(WHAT TO WORK ON):
Would you return the lines between the one holding "sqrt q) \<le>" and the one holding "using norm_fejer_sum_qsum_ge[OF that(2)]", inclusive, and only those, exactly as they stand in the listing below?

--------------------------------

lemma sets_E_set: "E_set k \<in> sets \<mu>"
  unfolding E_set_eq_prod_emb vil_measure_eq
  by (intro measurable_prod_emb sets_PiM_I_finite) (auto simp: sets_uniform_count_measure m_pos)

lemma disjoint_family_E_set: "disjoint_family E_set"
  unfolding disjoint_family_on_def
proof (intro ballI impI)
  fix k k' :: nat assume "k \<noteq> k'"
  then show "E_set k \<inter> E_set k' = {}"
    by (cases k k' rule: linorder_cases) (auto simp: E_set_def)
qed

lemma measure_E_set_ge: "1 / (4 * real (M (2 * k))) \<le> measure \<mu> (E_set k)"
proof -
  have half: "1 / 2 \<le> real (n - 1) / real n" if "2 \<le> n" for n :: nat
    using that by (simp add: field_simps of_nat_diff)
  have "1 / (4 * real (M (2 * k))) = (\<Prod>i<2 * k. 1 / real (m i)) * (1 / 2) * (1 / 2)"
    by (simp add: vilM_def prod_dividef)
  also have "\<dots> \<le> (\<Prod>i<2 * k. 1 / real (m i))
      * (real (m (2 * k) - 1) / real (m (2 * k))) * (real (m (Suc (2 * k)) - 1) / real (m (Suc (2 * k))))"
    using half[OF m_ge_2[of "2 * k"]] half[OF m_ge_2[of "Suc (2 * k)"]]
    by (intro mult_mono mult_nonneg_nonneg prod_nonneg) (auto simp: m_ge_2)
  also have "\<dots> = (\<Prod>i<2 * k + 2. measure (U i) (if i < 2 * k then {0} else {1..<m i}))"
    by (simp add: measure_uniform_count_measure m_pos)
  also have "\<dots> = measure \<mu> (E_set k)"
    unfolding E_set_eq_prod_emb vil_measure_eq
    by (rule measure_PiM_emb[symmetric]) (auto simp: sets_uniform_count_measure m_pos)
  finally show ?thesis .
qed

lemma measurable_fejer_sum [measurable]: "fejer_sum Q \<in> borel_measurable \<mu>"
  unfolding fejer_sum_def[abs_def] by measurable

lemma norm_fejer_sum_le: "norm (fejer_sum Q x) \<le> real Q * real Q"
proof -
  have "norm (fejer_sum Q x) \<le> (\<Sum>j<Q. norm (of_nat (Q - 1 - j) * psi j x))"
    unfolding fejer_sum_def by (rule norm_sum)
  also have "\<dots> \<le> (\<Sum>j<Q. real Q)"
  proof (rule sum_mono)
    fix j
    have "norm (of_nat (Q - 1 - j) * psi j x) = real (Q - 1 - j)"
      by (simp only: norm_mult norm_of_nat norm_vil_psi mult_1_right)
    then show "norm (of_nat (Q - 1 - j) * psi j x) \<le> real Q" by simp
  qed
  finally show ?thesis by simp
qed

text \<open>Each \<open>E_k\<close>, \<open>1 \<le> k < A\<close>, contributes at least \<open>M_{2k}/(2\<surd>q) \<cdot> 1/(4 M_{2k})\<close>.\<close>

lemma integral_sqrt_norm_fejer_sum_ge:
  assumes q: "0 < q"
  shows "real (A - 1) / (8 * sqrt q) \<le> (\<integral>x. sqrt (norm (fejer_sum (qsum A) x) / q) \<partial>\<mu>)"
proof -
  interpret prob_space \<mu> by (rule prob_space_vil_measure)
  define c where "c k = real (M (2 * k)) / (2 * sqrt q)" for k
  have lower: "c k \<le> sqrt (norm (fejer_sum (qsum A) x) / q)"
    if "k \<in> {1..<A}" "x \<in> E_set k" for k x
  proof -
    have "real (M (2 * k))^2 / 4 / q \<le> norm (fejer_sum (qsum A) x) / q"
      using norm_fejer_sum_qsum_ge[OF that(2)] that(1) q by (intro divide_right_mono) auto
    then have "sqrt (real (M (2 * k))^2 / 4 / q) \<le> sqrt (norm (fejer_sum (qsum A) x) / q)"
      by (rule real_sqrt_le_mono)
    moreover have "sqrt (real (M (2 * k))^2 / 4 / q) = c k"
      using q by (simp add: c_def real_sqrt_divide real_sqrt_mult)
    ultimately show ?thesis by metis
  qed
  have integrable: "integrable \<mu> (\<lambda>x. sqrt (norm (fejer_sum (qsum A) x) / q))"
  proof (rule integrable_const_bound[where B = "sqrt (real (qsum A) * real (qsum A) / q)"])
    show "AE x in \<mu>. norm (sqrt (norm (fejer_sum (qsum A) x) / q)) \<le> sqrt (real (qsum A) * real (qsum A) / q)"
      using norm_fejer_sum_le q by (intro AE_I2) (auto intro!: divide_right_mono)
  qed measurable
  have "real (A - 1) / (8 * sqrt q) = (\<Sum>k\<in>{1..<A}. c k * (1 / (4 * real (M (2 * k)))))"
    using q by (simp add: c_def vilM_pos[THEN gr_implies_not0])
  also have "\<dots> \<le> (\<Sum>k\<in>{1..<A}. c k * measure \<mu> (E_set k))"
    using measure_E_set_ge q by (intro sum_mono mult_left_mono) (auto simp: c_def)
  also have "\<dots> \<le> (\<integral>x. sqrt (norm (fejer_sum (qsum A) x) / q) \<partial>\<mu>)"
    using disjoint_family_E_set q
    by (intro sum_measure_le_integral integrable lower sets_E_set)
       (auto simp: disjoint_family_on_def)
  finally show ?thesis .
qed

--------------------------------

(TASK ANSWER):
  shows "real (A - 1) / (8 * sqrt q) \<le> (\<integral>x. sqrt (norm (fejer_sum (qsum A) x) / q) \<partial>\<mu>)"
proof -
  interpret prob_space \<mu> by (rule prob_space_vil_measure)
  define c where "c k = real (M (2 * k)) / (2 * sqrt q)" for k
  have lower: "c k \<le> sqrt (norm (fejer_sum (qsum A) x) / q)"
    if "k \<in> {1..<A}" "x \<in> E_set k" for k x
  proof -
    have "real (M (2 * k))^2 / 4 / q \<le> norm (fejer_sum (qsum A) x) / q"
      using norm_fejer_sum_qsum_ge[OF that(2)] that(1) q by (intro divide_right_mono) auto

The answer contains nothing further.